My first idea was to just make two structs, one for a Section, and another for a Table:

struct Section {
    var title: String
    var items: [String]
}

struct Table { var sections: [Section] }

You could then go ahead, create individual sections, and add them to one table. Easy.

Example Data

Animals:

  • Cats
    • Tiger
    • Lion
    • Lynx
  • Bears
    • Grizzly
    • Black
    • Polar

Example Code

let catSection = Section(title: "Cats", items: ["Tiger", "Lion", "Lynx"])
let bearSection = Section(title: "Bears", items: ["Grizzly", "Black", "Polar"])

let animalTable = Table(sections: [catSection, bearSection])

I just find that a bit more readable.

It also makes the number of sections and rows a bit simpler:

let numberOfSections = animalTable.sections.count
let numberOfRows = animalTable.sections[0].items.count

However, you can add this functionality to the Table struct Which makes it much, much better.

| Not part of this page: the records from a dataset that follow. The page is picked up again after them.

(* Under the standing assumptions below, the operator $P:Y\to Y$ satisfies $P^2=I$.
   Context: $X$ is one of $\ell^p$ ($1\le p\le\infty$), $c$, $c_0$. Standing assumptions: $(a_n)$ strictly decreasing positive reals, $a_n\to0$; $b=(b_n)\in X$ with $b_n>0$ for all $n$; $\pi_n:=2\prod_{m\ge1,\,m\ne n}\frac{1+a_m/a_n}{1-a_m/a_n}$ and $\pi\in\ell^\infty$; $\phi_{ij}:=\frac{b_i/b_j}{1+a_i/a_j}$ satisfies $\phi_{ij}\le C\mu^{|i-j|}$ for some $C>0$, $\mu\in(0,1)$. $Y:=\{(y_n)\mid(b_ny_n)\in X\}$ with $\|y\|_Y:=\|(b_ny_n)\|_X$. $P:Y\to Y$ is $(Py)_n:=\sum_{m=1}^\infty\frac{a_m\pi_my_m}{a_n+a_m}$ (matrix entries $P_{ij}=\frac{a_j\pi_j}{a_i+a_j}$); it is a bounded operator on $Y$. *)

theory Defs
  imports "HOL-Analysis.Analysis"
begin

text \<open>The ambient sequence space X: one of l^p (1 <= p < inf), l^inf, c, c_0.
  Sequences are indexed from 0 (the paper indexes from 1; this is a harmless shift).\<close>

datatype seqspace = Lp real | Linf | Conv | Conv0

fun valid_seqspace :: "seqspace \<Rightarrow> bool" where
  "valid_seqspace (Lp p) = (1 \<le> p)"
| "valid_seqspace Linf = True"
| "valid_seqspace Conv = True"
| "valid_seqspace Conv0 = True"

fun in_seqspace :: "seqspace \<Rightarrow> (nat \<Rightarrow> real) \<Rightarrow> bool" where
  "in_seqspace (Lp p) x = summable (\<lambda>n. \<bar>x n\<bar> powr p)"
| "in_seqspace Linf x = Bseq x"
| "in_seqspace Conv x = convergent x"
| "in_seqspace Conv0 x = (x \<longlonglongrightarrow> 0)"

definition pi_factor :: "(nat \<Rightarrow> real) \<Rightarrow> nat \<Rightarrow> nat \<Rightarrow> real" where
  "pi_factor a n m = (if m = n then 1 else (1 + a m / a n) / (1 - a m / a n))"

definition pi_seq :: "(nat \<Rightarrow> real) \<Rightarrow> nat \<Rightarrow> real" where
  "pi_seq a n = 2 * (\<Prod>m. pi_factor a n m)"

definition phi :: "(nat \<Rightarrow> real) \<Rightarrow> (nat \<Rightarrow> real) \<Rightarrow> nat \<Rightarrow> nat \<Rightarrow> real" where
  "phi a b i j = (b i / b j) / (1 + a i / a j)"

definition in_Y :: "seqspace \<Rightarrow> (nat \<Rightarrow> real) \<Rightarrow> (nat \<Rightarrow> real) \<Rightarrow> bool" where
  "in_Y X b y = in_seqspace X (\<lambda>n. b n * y n)"

definition P_op :: "(nat \<Rightarrow> real) \<Rightarrow> (nat \<Rightarrow> real) \<Rightarrow> nat \<Rightarrow> real" where
  "P_op a y n = (\<Sum>m. a m * pi_seq a m * y m / (a n + a m))"

end

theory Submission
  imports Defs
begin

(* For finitely many distinct positive a_j the rational function
     R_S(z) = prod_{j in S} (z + a_j) / (z - a_j)
   has the partial fraction expansion R_S(z) = 1 + sum_{m in S} a_m pi^S_m / (z - a_m), where pi^S_m
   is pi_m with the product truncated to S. Evaluating at the zero z = -a_n of R_S gives
   sum_m a_m pi^S_m / (a_n + a_m) = 1, and evaluating R_{S - {n}} at the same point gives
   sum_m a_m pi^S_m / (a_n + a_m)^2 = 1 / (a_n pi^S_n). Tannery's theorem carries both identities
   over from S = {0..N} to the infinite sums. Since 1/((a_n + a_m)(a_m + a_k)) is a multiple of
   1/(a_n + a_m) - 1/(a_k + a_m) for k ~= n, they amount to sum_m P_nm P_mk = delta_nk.
   Finally, phi_ij <= C mu^|i-j| bounds |P_nm P_mk y_k| by a multiple of
   mu^(|n-m| + |m-k|) <= sqrt mu^|n-m| * sqrt mu^|n-k|, so the double series
   sum_{m,k} P_nm P_mk y_k converges absolutely and may be summed in either order. *)

definition pi_finite :: "(nat \<Rightarrow> 'a::field) \<Rightarrow> nat set \<Rightarrow> nat \<Rightarrow> 'a" where
  "pi_finite a S m = 2 * (\<Prod>j\<in>S - {m}. (a m + a j) / (a m - a j))"

definition cayley_prod :: "(nat \<Rightarrow> 'a::field) \<Rightarrow> nat set \<Rightarrow> 'a \<Rightarrow> 'a" where
  "cayley_prod a S z = (\<Prod>j\<in>S. (z + a j) / (z - a j))"

lemma cayley_factor_mult_simple_fraction:
  fixes z t x c :: "'a::field"
  assumes "z \<noteq> t" "z \<noteq> x" "x \<noteq> t"
  shows "(z + t) / (z - t) * (c / (z - x)) = 2 * t / (z - t) * (c / (t - x)) + c * (x + t) / (x - t) / (z - x)"
  using assms by (simp add: divide_simps) (simp add: algebra_simps)

lemma cayley_prod_partial_fractions:
  fixes a :: "nat \<Rightarrow> 'a::field"
  assumes "finite S" "inj_on a S" "z \<notin> a ` S"
  shows "cayley_prod a S z = 1 + (\<Sum>m\<in>S. a m * pi_finite a S m / (z - a m))"
  using assms
proof (induction S arbitrary: z rule: finite_induct)
  case empty
  then show ?case by (simp add: cayley_prod_def)
next
  case (insert t F)
  let ?c = "\<lambda>m. a m * pi_finite a F m"
  have t: "a t \<notin> a ` F" "z \<noteq> a t" and inj: "inj_on a F" and z: "z \<notin> a ` F"
    using insert.hyps insert.prems by auto
  have pi_t: "a t * pi_finite a (insert t F) t = 2 * a t * cayley_prod a F (a t)"
    using insert.hyps by (simp add: pi_finite_def cayley_prod_def)
  have pi_m: "a m * pi_finite a (insert t F) m = ?c m * (a m + a t) / (a m - a t)" if "m \<in> F" for m
  proof -
    have "insert t F - {m} = insert t (F - {m})" using insert.hyps that by auto
    then show ?thesis using insert.hyps that by (simp add: pi_finite_def)
  qed
  have "cayley_prod a (insert t F) z = (z + a t) / (z - a t) * (1 + (\<Sum>m\<in>F. ?c m / (z - a m)))"
    using insert by (simp add: cayley_prod_def)
  also have "\<dots> = (z + a t) / (z - a t) + (\<Sum>m\<in>F. (z + a t) / (z - a t) * (?c m / (z - a m)))"
    by (simp add: distrib_left sum_distrib_left)
  also have "\<dots> = 1 + 2 * a t / (z - a t)
      + (\<Sum>m\<in>F. 2 * a t / (z - a t) * (?c m / (a t - a m)) + ?c m * (a m + a t) / (a m - a t) / (z - a m))"
  proof -
    have "(z + a t) / (z - a t) = 1 + 2 * a t / (z - a t)" using t by (simp add: field_simps)
    moreover have "(z + a t) / (z - a t) * (?c m / (z - a m))
        = 2 * a t / (z - a t) * (?c m / (a t - a m)) + ?c m * (a m + a t) / (a m - a t) / (z - a m)"
      if "m \<in> F" for m
    proof (rule cayley_factor_mult_simple_fraction)
      show "a m \<noteq> a t" "z \<noteq> a m" using t z that by (metis image_eqI)+
    qed (use t in auto)
    ultimately show ?thesis by simp
  qed
  also have "\<dots> = 1 + 2 * a t / (z - a t) * cayley_prod a F (a t)
      + (\<Sum>m\<in>F. ?c m * (a m + a t) / (a m - a t) / (z - a m))"
    using insert.IH[OF inj t(1)] by (simp add: sum.distrib sum_distrib_left algebra_simps)
  also have "\<dots> = 1 + (\<Sum>m\<in>insert t F. a m * pi_finite a (insert t F) m / (z - a m))"
    using insert.hyps by (simp add: pi_t pi_m)
  finally show ?case .
qed

lemma uminus_notin_image_pos:
  fixes a :: "nat \<Rightarrow> real"
  assumes "\<And>j. j \<in> S \<Longrightarrow> a j > 0" "x > 0"
  shows "- x \<notin> a ` S"
proof
  assume "- x \<in> a ` S"
  then obtain j where "j \<in> S" "- x = a j" by blast
  with assms show False by (metis neg_0_less_iff_less not_less_iff_gr_or_eq)
qed

lemma sum_pi_finite_div_add:
  fixes a :: "nat \<Rightarrow> real"
  assumes S: "finite S" "inj_on a S" and pos: "\<And>j. j \<in> S \<Longrightarrow> a j > 0" and n: "n \<in> S"
  shows "(\<Sum>m\<in>S. a m * pi_finite a S m / (a n + a m)) = 1"
proof -
  have "- a n \<notin> a ` S" using pos n by (intro uminus_notin_image_pos) auto
  from cayley_prod_partial_fractions[OF S this]
  have "cayley_prod a S (- a n) = 1 - (\<Sum>m\<in>S. a m * pi_finite a S m / (a n + a m))"
    by (simp add: sum_negf[symmetric] minus_divide_right)
  moreover have "cayley_prod a S (- a n) = 0"
    unfolding cayley_prod_def using S n by (auto intro!: bexI[of _ n])
  ultimately show ?thesis by simp
qed

lemma pi_finite_remove:
  fixes a :: "nat \<Rightarrow> real"
  assumes "finite S" "inj_on a S" "n \<in> S" "m \<in> S" "m \<noteq> n" "a m + a n \<noteq> 0"
  shows "pi_finite a (S - {n}) m = pi_finite a S m * (a m - a n) / (a m + a n)"
proof -
  have "S - {m} = insert n (S - {n} - {m})" using assms by auto
  moreover have "a m - a n \<noteq> 0" using assms by (auto simp: inj_on_def)
  ultimately show ?thesis using assms by (simp add: pi_finite_def)
qed

lemma cayley_prod_remove_mult_pi_finite:
  fixes a :: "nat \<Rightarrow> real"
  assumes "finite S" "inj_on a S" "\<And>j. j \<in> S \<Longrightarrow> a j > 0" "n \<in> S"
  shows "cayley_prod a (S - {n}) (- a n) * pi_finite a S n = 2"
proof -
  have "cayley_prod a (S - {n}) (- a n) * pi_finite a S n
      = 2 * (\<Prod>j\<in>S - {n}. (- a n + a j) / (- a n - a j) * ((a n + a j) / (a n - a j)))"
    unfolding cayley_prod_def pi_finite_def prod.distrib by (simp only: mult.commute mult.left_commute)
  also have "\<dots> = 2 * (\<Prod>j\<in>S - {n}. 1)"
  proof (intro arg_cong[where f = "(*) 2"] prod.cong refl)
    fix j assume j: "j \<in> S - {n}"
    have "a n - a j \<noteq> 0" using assms j by (auto simp: inj_on_def)
    moreover have "a n + a j > 0" using assms j by (simp add: add_pos_pos)
    ultimately show "(- a n + a j) / (- a n - a j) * ((a n + a j) / (a n - a j)) = 1"
      by (simp add: divide_simps) (simp add: algebra_simps)
  qed
  finally show ?thesis by simp
qed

Here is the definition of the ComplexTable struct:

struct ComplexTable {
    var sections: [Section]

func numberOfRows(forSection section: Int) -> Int { if sections.count > section { return sections[section].items.count } else { return 0 } }

func numberOfSections() -> Int { return sections.count } }

Which would make it this easy to get the row and section counts:

let numberOfSections = complexAnimalTable.numberOfSections()
let numberOfRows = complexAnimalTable.numberOfRows(forSection: 0)

So there you go.

It’s nothing big, and it won’t win many programming awards. But it’s a small piece of code that will certainly help me when I’m just messing around with tables, or I want a really clean and simple way to store small amounts of organised data.